But no.  He was president.  He could not panic the masses. He had a pretense to maintain. So that is what he did:  He gave a flat, dutiful, lackluster performance.  He was a man going through the motions, a man enduring the moment, not seizing it.  

What was the huge secret?  My first thought, of course, as yours would have been: Alien invasion. Perhaps one had already begun. But then I realized that was preposterous.  Incumbent presidents love war. Obama would have seized such a moment and made it his, to appear in charge; besides, in some ways an alien invasion plays to a liberal politician’s pixie-dust dream of global harmony – all nations, capitalists and communists, Hutus and Tutsis, yoked by our common humanity, cooperating as one to defeat an outside aggressor!

So It had to be worse than that. An alien invasion at least offered Hope.
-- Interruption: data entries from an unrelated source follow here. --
lemma sum_Int_atLeastLessThan_split:
  fixes D :: "real set"
  assumes "finite D" "a \<le> c" "c \<le> b"
  shows "(\<Sum>p\<in>D \<inter> {a..<b}. f p) = (\<Sum>p\<in>D \<inter> {a..<c}. f p) + (\<Sum>p\<in>D \<inter> {c..<b}. f p)"
proof -
  have "D \<inter> {a..<b} = D \<inter> {a..<c} \<union> D \<inter> {c..<b}" using assms(2,3) by auto
  then show ?thesis by (simp only:) (rule sum.union_disjoint, use assms(1) in auto)
qed

lemma sum_gaps_within_le:
  assumes "finite D" "G \<subseteq> D - {Max D}" "lo \<le> hi"
    and within: "\<And>p. p \<in> G \<Longrightarrow> lo \<le> p \<and> next_point D p \<le> hi"
  shows "(\<Sum>p\<in>G. next_point D p - p) \<le> hi - lo"
proof (cases "G = {}")
  case False
  have fin: "finite G" using assms(1,2) finite_subset by blast
  define a b where "a = Min G" and "b = next_point D (Max G)"
  have "Max G \<in> G" "a \<in> G" using fin False by (simp_all add: a_def)
  then have "Max G \<in> D - {Max D}" "a \<in> D" using assms(2) by auto
  then have "Max G < Max D" "Max G \<in> D"
    using assms(1) by (auto simp: order.not_eq_order_implies_strict)
  moreover have "Max D \<in> D" using assms(1) \<open>a \<in> D\<close> by (intro Max_in) auto
  ultimately have ab: "b \<in> D" "Max G < b"
    unfolding b_def using assms(1) by (auto intro: next_point_in next_point_gt)
  have "G \<subseteq> D \<inter> {a..<b}"
    using fin ab assms(2) by (auto simp: a_def intro: le_less_trans[OF Max_ge])
  then have "(\<Sum>p\<in>G. next_point D p - p) \<le> (\<Sum>p\<in>D \<inter> {a..<b}. next_point D p - p)"
    using assms(1) ab by (intro sum_mono2) (auto intro: less_imp_le next_point_gt[of D b])
  also have "\<dots> = b - a"
    using assms(1) ab \<open>a \<in> D\<close> \<open>Max G \<in> G\<close> fin
    by (intro sum_gaps_telescope) (auto simp: a_def intro: order.trans[OF Min_le])
  also have "\<dots> \<le> hi - lo"
    using within[OF \<open>a \<in> G\<close>] within[OF \<open>Max G \<in> G\<close>] by (simp add: b_def)
  finally show ?thesis .
qed (use assms in simp)

lemma powr_dist_le_gap_sum:
  fixes n :: real
  assumes "finite D" "a \<in> D" "b \<in> D" "a < b" "card (D \<inter> {a..<b}) \<le> n" "1 \<le> \<alpha>"
  shows "(b - a) powr \<alpha> \<le> n powr (\<alpha> - 1) * (\<Sum>p\<in>D \<inter> {a..<b}. (next_point D p - p) powr \<alpha>)"
proof -
  have gap_pos: "0 < next_point D p - p" if "p \<in> D \<inter> {a..<b}" for p
    using assms(1,3) that next_point_gt by auto
  have "(b - a) powr \<alpha> = (\<Sum>p\<in>D \<inter> {a..<b}. next_point D p - p) powr \<alpha>"
    using assms by (simp add: sum_gaps_telescope)
  also have "\<dots> \<le> card (D \<inter> {a..<b}) powr (\<alpha> - 1) * (\<Sum>p\<in>D \<inter> {a..<b}. (next_point D p - p) powr \<alpha>)"
    using assms(1,6) gap_pos by (intro powr_sum_le_card_powr_sum) auto
  also have "\<dots> \<le> n powr (\<alpha> - 1) * (\<Sum>p\<in>D \<inter> {a..<b}. (next_point D p - p) powr \<alpha>)"
    using assms(5,6) by (intro mult_right_mono powr_mono2 sum_nonneg) auto
  finally show ?thesis .
qed

section \<open>Blocks\<close>

text \<open>The two conditions bound the two shapes of blocks: one transmitter over at most three
  points, and two transmitters \<open>u < c\<close> reaching the same \<open>t\<close>, with at most two points on
  either side of \<open>c\<close> (\<open>A = c - u\<close>, \<open>C = t - c\<close>).\<close>

definition admissible_block_factor :: "real \<Rightarrow> real \<Rightarrow> bool" where
  "admissible_block_factor \<alpha> K \<longleftrightarrow> 3 powr (\<alpha> - 1) \<le> K \<and>
     (\<forall>A C. 0 < A \<longrightarrow> 0 < C \<longrightarrow>
        2 powr (\<alpha> - 1) * ((A + C) powr \<alpha> + C powr \<alpha>) \<le> K * (A powr \<alpha> + C powr \<alpha>))"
It had to be a mortal challenge beyond our ability to address. As asteroid the size of Rhode Island on a collision course with Earth?  Impossible. We know where all the big, Earth-ending asteroids are; one couldn't take us by surprise.  My mind scattered and came up with the plotline to the terrible 2008 Sci-Fi movie “2012."  Had it been weirdly prescient?  Is it in fact possible that scientists had learned that a bombardment of neutrinos from a massive solar flare were heating the Earth’s core?

Had Obama just been briefed on this?  Did he know that a day of apocalyptic earthquakes and landslides was inevitable, covering the Earth’s surface with water and drowning all sentient life?  That only simple undersea organisms would survive, eventually evolving into a second humanoid population, around the year 1,394,006 AD, though the primitives of the time would know it as Year 1? 

It seemed to make sense! It would explain this.

Now, it turns out there doesn’t seem to be any such apocalyptic explanation. If we are to believe the insiders, this was simply a strategic misfire; the president wanted to seem presidential, aloof, in command, while, alas, he projected Porky Pig.  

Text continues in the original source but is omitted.